进城时,宋子秋走在最后,他傻笑着向城门口的大头兵招了招手,大头兵也挥手向他致意,并死死地关上了城门。
这个商队足足有一百多人,或推着推车,或挑着担子。走了一天也累了,他们就在街头歇脚,一直到街头的行人都散了。
担子和推车里突然变出了一百多把钢刀,商人们向城头奔去。宋子秋、陈书茂等人还是走在最后,他们优哉游哉的步态让其他人气得发毛。
距城墙还有三百多步,平地里突然多出二十几条绊马索,呼啦啦就绊倒了八十几人。这时不知道从哪儿冒出来二百多身强体壮的大兵,把绊倒在地的商人们悉数生擒。剩下不到二十人见势不妙,只好后退,却被宋子秋等人用竹竿和扁担打了个措手不及,也都大骂着“龟儿子”,被擒拿在地。
假扮商人的西川兵被五花大绑,晾在城头吹了一整夜的凉风,第二天一早,宋子秋穿上一身小校服装,登上了城头。一群西川蛮兵被凉快了一夜也没有杀下威风,依旧对周围所有人都骂骂咧咧。
身材微胖的小将陈书茂身着威风凛凛的黑铁长甲,扮成从汉中赶来的高阶武将。其实如果让赵谦来已经足够,但是当初定计之时,宋子秋担心赵谦会因此背上一个为老不尊的名声,因而改用了自己帐前的参将陈书茂。
陈书茂左手握着剑柄,右手一挥,侍立在他身后的宋子秋立即带着几个人,给地上的一百来个访客松绑。松绑间,陈书茂用川话说道:“都说两军对垒不斩来使,可你们是来使吗?你们是细作!你们这次回去,好好念念我陈大将军的不杀之恩。还有,回去告诉林彰林大将军,我汉中太守宋子秋宋将军不日将去拜访,还望厚礼远迎。”他身材本来很胖,穿上戎装就更加显得魁伟,再配上这般说辞,却显得颇有喜感。
05
三百年前,前朝的藩镇割据愈演愈烈,终于导致了空前绝后的大分裂。燕、越、吴、楚等藩相继称帝。前朝旧都在战火中沦为一片焦土,郭氏皇族的一支逃到了西川,却不曾想到这一经营就是三百年。
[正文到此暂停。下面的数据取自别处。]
lemma argmax_f_if_sum_ge:
  assumes "valued_on N f" "X \<in> argmax_f N f" "Y \<in> argmax_f N f" "f X \<noteq> -\<infinity>"
    and "Z1 \<subseteq> N" "Z2 \<subseteq> N" "f X + f Y \<le> f Z1 + f Z2"
  shows "Z1 \<in> argmax_f N f" "Z2 \<in> argmax_f N f"
proof -
  have "X \<subseteq> N" "Y \<subseteq> N" using assms(2,3) unfolding argmax_f_def by auto
  then have "f Y = f X" "f Z1 \<le> f X" "f Z2 \<le> f X"
    using assms(2,3,5,6) unfolding argmax_f_def by (auto intro: antisym)
  moreover have "f X \<noteq> \<infinity>" "f Z1 \<noteq> \<infinity>" "f Z2 \<noteq> \<infinity>"
    using assms(1,5,6) \<open>X \<subseteq> N\<close> unfolding valued_on_def by auto
  ultimately have "f Z1 = f X \<and> f Z2 = f X"
    using assms(4,7) by (cases "f X"; cases "f Z1"; cases "f Z2") auto
  then show "Z1 \<in> argmax_f N f" "Z2 \<in> argmax_f N f"
    using assms(2,5,6) unfolding argmax_f_def by auto
qed

lemma M_nat_convex_argmax_f:
  assumes "finite N" "M_nat_concave N f"
  shows "M_nat_convex (argmax_f N f)"
  unfolding M_nat_convex_def
proof (intro ballI)
  fix X Y i assume X: "X \<in> argmax_f N f" and Y: "Y \<in> argmax_f N f" and i: "i \<in> X - Y"
  have vo: "valued_on N f" using assms(2) unfolding M_nat_concave_def by auto
  have XN: "X \<subseteq> N" and YN: "Y \<subseteq> N" using X Y unfolding argmax_f_def by auto
  obtain Z where Z: "Z \<subseteq> N" "f Z > -\<infinity>"
    using assms(2) unfolding M_nat_concave_def dom_f_def by auto
  moreover have "f Z \<le> f X" using X Z unfolding argmax_f_def by auto
  ultimately have fin: "f X \<noteq> -\<infinity>" by auto
  let ?S = "(\<lambda>j. f (insert j (X - {i})) + f (insert i Y - {j})) ` (Y - X)"
  have ineq: "f X + f Y \<le> max (f (X - {i}) + f (insert i Y)) (Sup ?S)"
    using assms(2) XN YN i unfolding M_nat_concave_def by blast
  show "(X - {i} \<in> argmax_f N f \<and> insert i Y \<in> argmax_f N f) \<or>
     (\<exists>j\<in>Y - X. insert j (X - {i}) \<in> argmax_f N f \<and> insert i Y - {j} \<in> argmax_f N f)"
  proof (cases "f X + f Y \<le> f (X - {i}) + f (insert i Y)")
    case True
    have "X - {i} \<subseteq> N" "insert i Y \<subseteq> N" using XN YN i by auto
    then show ?thesis using argmax_f_if_sum_ge[OF vo X Y fin _ _ True] by blast
  next
    case False
    then have le: "f X + f Y \<le> Sup ?S" using ineq le_max_iff_disj by blast
    have "f Y = f X" using X Y XN YN unfolding argmax_f_def by (auto intro: antisym)
    moreover obtain r where "f X = ereal r"
      using fin vo XN unfolding valued_on_def by (cases "f X") auto
    ultimately have sum: "f X + f Y = ereal (r + r)" by simp
    have "?S \<noteq> {}"
    proof
      assume "?S = {}"
      then have "Sup ?S = -\<infinity>" by (simp only: Sup_empty bot_ereal_def)
      then show False using le sum by simp
    qed
    moreover have "finite ?S" using YN assms(1) by (simp add: finite_subset)
    ultimately have "Sup ?S \<in> ?S" by (simp add: cSup_eq_Max)
    then obtain j where j: "j \<in> Y - X" "Sup ?S = f (insert j (X - {i})) + f (insert i Y - {j})"
      by blast
    have "insert j (X - {i}) \<subseteq> N" "insert i Y - {j} \<subseteq> N" using XN YN i j by auto
    then show ?thesis using argmax_f_if_sum_ge[OF vo X Y fin _ _ le[unfolded j(2)]] j(1) by blast
  qed
qed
西川北面的秦国是一百二十年前才建立的。当年秦武帝获得了西川的支持,从汉中起兵,一路兵不血刃,直捣长安。长安的隋国皇帝投降,秦国建立。秦武帝登基之后却不曾把赖以发家的汉中郡归还西川,所以一百二十年来,西川和秦国一之在汉中附近相持或战争,其间,汉中已经四次易手。
西川的官制基本沿袭了前朝,皇帝之下最高的是六卿:文有司马、司徒、司空,武有大将军、骠骑将军、车骑将军。镇守广元的林彰就是西川的车骑将军。
06
“令尊是我的老对手。我比他虚长了七岁,说实话,如果给我们一人两万一模一样的兵,我未必打得过他。”
“林伯伯过奖了,既然是家父的老朋友,您能不能告诉我一个秘密?”
半坛酒下肚,两鬓斑白,却英气不减的林彰此时已经满脸通红。他呵呵一笑,道:“好小子,你爹当年也就会跟我打打仗而已,你居然会这一手!”
宋子秋往自己的杯中泡了一片广元特产的陈皮,一口饮尽,表情旋即痛楚难当,不知是不是苦不堪言。他缓了神才说道:“秦国皇帝接到的奏报里说你领兵十五万驻守此地,我看不止。您说一说,广元的田里究竟屯了多少兵?”
“你被你自己的眼睛骗了。连十五万都没有。其实这次来我一个兵都没有多带,派去袭扰你的,都是广元当地的民兵。民兵加起来,也就三四万吧。”
宋子秋哈哈笑道:“老将军居然对敌人说了实话,我一回汉中,就点起十四万众,荡平广元。”
林彰向宋子秋敬了一杯,道:“哼,能荡平我广元的人还没出生呢。别以为我不知道你这毛头小子的底细,秦国北方刚打完仗,汉中没有多少兵。”
宋子秋腹中酒水差点在一瞬之间化成满身冷汗,但他还是自若说道:“那么,将军是否有占领汉中的想法?”
“从来没想过。要不是老皇帝发昏,我才不来呢。我是逐鹿场上活下来的人,我知道攻城略地的罪孽有多深重。他要是非逼我北上,我就偏偏南下,看他老皇帝应不应我。”
这时,珠帘响动,珠帘后似乎有人轻笑了一声。林彰一本正经的脸稍显松弛,他说道:“出来吧。”
这时,珠帘后转出一个妙龄女子眉间浅笑,用一把纸扇半遮着脸。只见她略施粉黛,身着玲珑剔透的翠绿长衫,步伐轻盈地飘到了两人面前。
林彰道:“这是我的外甥女孔呈伊。”
孔呈伊向宋子秋道了声万福,然后给他斟了一杯酒。宋子秋一饮而尽,心里一阵莫名其妙的悸动,眼神躲着她的眼睛,道了一声谢。孔呈伊眼如流波,向他微笑还礼,只见她笑不露齿,一点也不显得做作虚伪。
林彰嘿嘿一笑,道:“二位要是情投意合,不如我这个做舅舅的先出去吧。”
孔呈伊脸色一红,剜了他舅舅一眼,然后慌张地撩开珠帘,跑了出去。宋子秋站起身来,道:“时候不早了,太阳眼看要落山,晚辈要告辞了。”
07
这一天,宋子秋带着陈书茂扮成商人,混进了广元,来到了林府的门前。
门童不愿给他们开门,于是宋子秋给了他一封信,说:“林将军看见这封信就会见我的。信不信由你。”